ABOUT THIS TASK: Copy out each line of the data that holds the word "with".

EXCERPTED RECORDS:
(* If $f$ is a harmonic polynomial, i.e. $f(z)=p(z)+\overline{q(z)}$ with $p,q$ polynomials in $z$, then $\operatorname{int}(f(S)\cup C(f,\infty))=\varnothing$.
   Context: Writing $f=u+iv$, $J_f=u_xv_y-u_yv_x$ and $S=\{z\in\mathbb{C}: J_f(z)=0\}$. $C(f,\infty)$ is the set of finite points $\zeta\in\mathbb{C}$ for which there is a sequence $(z_n)$ with $|z_n|\to\infty$ and $f(z_n)\to\zeta$. *)

theory Defs
  imports "HOL-Analysis.Analysis" "HOL-Computational_Algebra.Polynomial"
begin

definition u_x :: "(complex \<Rightarrow> complex) \<Rightarrow> complex \<Rightarrow> real" where
  "u_x f z = deriv (\<lambda>t::real. Re (f (z + of_real t))) 0"
definition u_y :: "(complex \<Rightarrow> complex) \<Rightarrow> complex \<Rightarrow> real" where
  "u_y f z = deriv (\<lambda>t::real. Re (f (z + \<i> * of_real t))) 0"
definition v_x :: "(complex \<Rightarrow> complex) \<Rightarrow> complex \<Rightarrow> real" where
  "v_x f z = deriv (\<lambda>t::real. Im (f (z + of_real t))) 0"
definition v_y :: "(complex \<Rightarrow> complex) \<Rightarrow> complex \<Rightarrow> real" where
  "v_y f z = deriv (\<lambda>t::real. Im (f (z + \<i> * of_real t))) 0"

definition jacobian_det :: "(complex \<Rightarrow> complex) \<Rightarrow> complex \<Rightarrow> real" where
  "jacobian_det f z = u_x f z * v_y f z - u_y f z * v_x f z"

definition crit_set :: "(complex \<Rightarrow> complex) \<Rightarrow> complex set" where
  "crit_set f = {z. jacobian_det f z = 0}"

definition cluster_set_inf :: "(complex \<Rightarrow> complex) \<Rightarrow> complex set" where
  "cluster_set_inf f = {\<zeta>. \<exists>zs :: nat \<Rightarrow> complex.
      filterlim (\<lambda>n. norm (zs n)) at_top sequentially \<and> (\<lambda>n. f (zs n)) \<longlonglongrightarrow> \<zeta>}"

YOUR SOLUTION:
(* If $f$ is a harmonic polynomial, i.e. $f(z)=p(z)+\overline{q(z)}$ with $p,q$ polynomials in $z$, then $\operatorname{int}(f(S)\cup C(f,\infty))=\varnothing$.
   Context: Writing $f=u+iv$, $J_f=u_xv_y-u_yv_x$ and $S=\{z\in\mathbb{C}: J_f(z)=0\}$. $C(f,\infty)$ is the set of finite points $\zeta\in\mathbb{C}$ for which there is a sequence $(z_n)$ with $|z_n|\to\infty$ and $f(z_n)\to\zeta$. *)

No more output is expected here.